> _Exercise objective_: Below is a listing. Set down exactly the lines from the one containing "then obtain B C" through the one containing "using blocks_below_Union[OF P] by blast", both ends included, and leave out the rest.

Entries supplied Block Start

lemma bij_betw_partition_on_image:
  assumes f: "bij_betw f A B"
  shows "bij_betw ((`) ((`) f)) {P. partition_on A P} {Q. partition_on B Q}"
proof (rule bij_betw_byWitness[where f' = "(`) ((`) (inv_into A f))"])
  have g: "bij_betw (inv_into A f) B A" by (rule bij_betw_inv_into[OF f])
  show "\<forall>P\<in>{P. partition_on A P}. (`) (inv_into A f) ` (`) f ` P = P"
  proof clarify
    fix P assume "partition_on A P"
    then have "\<Union>P = A" by (rule partition_onD1[symmetric])
    with f show "(`) (inv_into A f) ` (`) f ` P = P"
      by (intro image_image_cancel) (auto simp: bij_betw_def inv_into_f_f)
  qed
  show "\<forall>Q\<in>{Q. partition_on B Q}. (`) f ` (`) (inv_into A f) ` Q = Q"
  proof clarify
    fix Q assume "partition_on B Q"
    then have "\<Union>Q = B" by (rule partition_onD1[symmetric])
    with f show "(`) f ` (`) (inv_into A f) ` Q = Q"
      by (intro image_image_cancel) (auto simp: bij_betw_def f_inv_into_f)
  qed
  show "(`) ((`) f) ` {P. partition_on A P} \<subseteq> {Q. partition_on B Q}"
    using partition_on_image_of_inj f by (fastforce simp: bij_betw_def)
  show "(`) ((`) (inv_into A f)) ` {Q. partition_on B Q} \<subseteq> {P. partition_on A P}"
    using partition_on_image_of_inj g by (fastforce simp: bij_betw_def)
qed

lemma blocks_below_Union:
  assumes "partition_on A P" and "X \<subseteq> P"
  shows "{p \<in> P. p \<subseteq> \<Union>X} = X"
proof (intro equalityI subsetI)
  fix p assume p: "p \<in> {p \<in> P. p \<subseteq> \<Union>X}"
  have "p \<noteq> {}" using p partition_onD3[OF assms(1)] by auto
  then obtain z where "z \<in> p" by blast
  then obtain q where q: "q \<in> X" "z \<in> q" using p by blast
  then have "p = q"
    using p assms(2) \<open>z \<in> p\<close> disjointD[OF partition_onD2[OF assms(1)]] by blast
  then show "p \<in> X" using q by simp
qed (use assms in auto)

lemma inj_on_Union_Pow:
  assumes "partition_on A P"
  shows "inj_on Union (Pow P)"
  by (rule inj_on_inverseI[where g = "\<lambda>U. {p \<in> P. p \<subseteq> U}"]) (use blocks_below_Union assms in blast)

lemma partition_on_Union_image:
  assumes P: "partition_on A P" and Q: "partition_on P Q"
  shows "partition_on A (Union ` Q)"
proof (rule partition_onI)
  show "\<Union> (Union ` Q) = A"
    using partition_onD1[OF P] partition_onD1[OF Q] by blast
  show "{} \<notin> Union ` Q"
  proof
    assume "{} \<in> Union ` Q"
    then obtain X where "X \<in> Q" "\<Union>X = {}" by auto
    moreover from \<open>X \<in> Q\<close> have "X \<noteq> {}" "X \<subseteq> P"
      using partition_onD3[OF Q] partition_onD1[OF Q] by auto
    ultimately show False using partition_onD3[OF P] by auto
  qed
  fix X Y assume "X \<in> Union ` Q" "Y \<in> Union ` Q" "X \<noteq> Y"
  then obtain x y where xy: "x \<in> Q" "y \<in> Q" "x \<noteq> y" and XY: "X = \<Union>x" "Y = \<Union>y"
    by blast
  have "x \<inter> y = {}" using disjointD[OF partition_onD2[OF Q] xy] .
  then have "p \<inter> q = {}" if "p \<in> x" "q \<in> y" for p q
    using that xy(1,2) partition_onD1[OF Q] disjointD[OF partition_onD2[OF P]] by blast
  then show "disjnt X Y" unfolding XY disjnt_def by blast
qed

lemma Union_blocks_below:
  assumes "refines A P R" and "B \<in> R"
  shows "\<Union>{p \<in> P. p \<subseteq> B} = B"
  using partition_onD1[OF refines_obtains_subset[OF assms]] by simp

lemma partition_on_blocks_below:
  assumes P: "partition_on A P" and R: "refines A P R"
  shows "partition_on P ((\<lambda>B. {p \<in> P. p \<subseteq> B}) ` R)"
proof (rule partition_onI)
  show "\<Union> ((\<lambda>B. {p \<in> P. p \<subseteq> B}) ` R) = P"
    using R by (auto simp: refines_def)
  show "{} \<notin> (\<lambda>B. {p \<in> P. p \<subseteq> B}) ` R"
  proof
    assume "{} \<in> (\<lambda>B. {p \<in> P. p \<subseteq> B}) ` R"
    then obtain B where B: "B \<in> R" "{p \<in> P. p \<subseteq> B} = {}" by auto
    then have "B = {}" by (metis Union_blocks_below[OF R B(1)] Union_empty)
    with B have "{} \<in> R" by simp
    then show False using R partition_onD3 unfolding refines_def by blast
  qed
  fix X Y assume "X \<in> (\<lambda>B. {p \<in> P. p \<subseteq> B}) ` R" "Y \<in> (\<lambda>B. {p \<in> P. p \<subseteq> B}) ` R" "X \<noteq> Y"
  then obtain B C where BC: "B \<in> R" "C \<in> R" "B \<noteq> C"
    and XY: "X = {p \<in> P. p \<subseteq> B}" "Y = {p \<in> P. p \<subseteq> C}"
    by blast
  have "B \<inter> C = {}"
    using R BC disjointD partition_onD2 unfolding refines_def by metis
  then have "p = {}" if "p \<subseteq> B" "p \<subseteq> C" for p
    using that by blast
  then show "disjnt X Y"
    unfolding XY disjnt_def using partition_onD3[OF P] by blast
qed

lemma bij_betw_Union_refines:
  assumes P: "partition_on A P"
  shows "bij_betw ((`) Union) {Q. partition_on P Q} {R. refines A P R}"
proof (rule bij_betw_byWitness[where f' = "(`) (\<lambda>B. {p \<in> P. p \<subseteq> B})"])
  show "\<forall>Q\<in>{Q. partition_on P Q}. (\<lambda>B. {p \<in> P. p \<subseteq> B}) ` Union ` Q = Q"
  proof clarify
    fix Q assume Q: "partition_on P Q"
    have "X \<subseteq> P" if "X \<in> Q" for X
      using partition_onD1[OF Q] that by blast
    then have "\<forall>X\<in>Q. {p \<in> P. p \<subseteq> \<Union>X} = X"
      using blocks_below_Union[OF P] by blast
    then show "(\<lambda>B. {p \<in> P. p \<subseteq> B}) ` Union ` Q = Q" by (simp add: image_image)
  qed
  show "\<forall>R\<in>{R. refines A P R}. Union ` (\<lambda>B. {p \<in> P. p \<subseteq> B}) ` R = R"
  proof clarify
    fix R assume "refines A P R"
    then have "\<forall>B\<in>R. \<Union>{p \<in> P. p \<subseteq> B} = B" using Union_blocks_below by blast
    then show "Union ` (\<lambda>B. {p \<in> P. p \<subseteq> B}) ` R = R" by (simp add: image_image)
  qed
  show "(`) Union ` {Q. partition_on P Q} \<subseteq> {R. refines A P R}"
  proof clarify
    fix Q assume Q: "partition_on P Q"
    show "refines A P (Union ` Q)"
      using P partition_on_Union_image[OF P Q] partition_onD1[OF Q] by (auto simp: refines_def)
  qed
  show "(`) (\<lambda>B. {p \<in> P. p \<subseteq> B}) ` {R. refines A P R} \<subseteq> {Q. partition_on P Q}"
    using partition_on_blocks_below[OF P] by blast
qed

Entries supplied Block End

> _Output below_:
  then obtain B C where BC: "B \<in> R" "C \<in> R" "B \<noteq> C"
    and XY: "X = {p \<in> P. p \<subseteq> B}" "Y = {p \<in> P. p \<subseteq> C}"
    by blast
  have "B \<inter> C = {}"
    using R BC disjointD partition_onD2 unfolding refines_def by metis
  then have "p = {}" if "p \<subseteq> B" "p \<subseteq> C" for p
    using that by blast
  then show "disjnt X Y"
    unfolding XY disjnt_def using partition_onD3[OF P] by blast
qed

lemma bij_betw_Union_refines:
  assumes P: "partition_on A P"
  shows "bij_betw ((`) Union) {Q. partition_on P Q} {R. refines A P R}"
proof (rule bij_betw_byWitness[where f' = "(`) (\<lambda>B. {p \<in> P. p \<subseteq> B})"])
  show "\<forall>Q\<in>{Q. partition_on P Q}. (\<lambda>B. {p \<in> P. p \<subseteq> B}) ` Union ` Q = Q"
  proof clarify
    fix Q assume Q: "partition_on P Q"
    have "X \<subseteq> P" if "X \<in> Q" for X
      using partition_onD1[OF Q] that by blast
    then have "\<forall>X\<in>Q. {p \<in> P. p \<subseteq> \<Union>X} = X"
      using blocks_below_Union[OF P] by blast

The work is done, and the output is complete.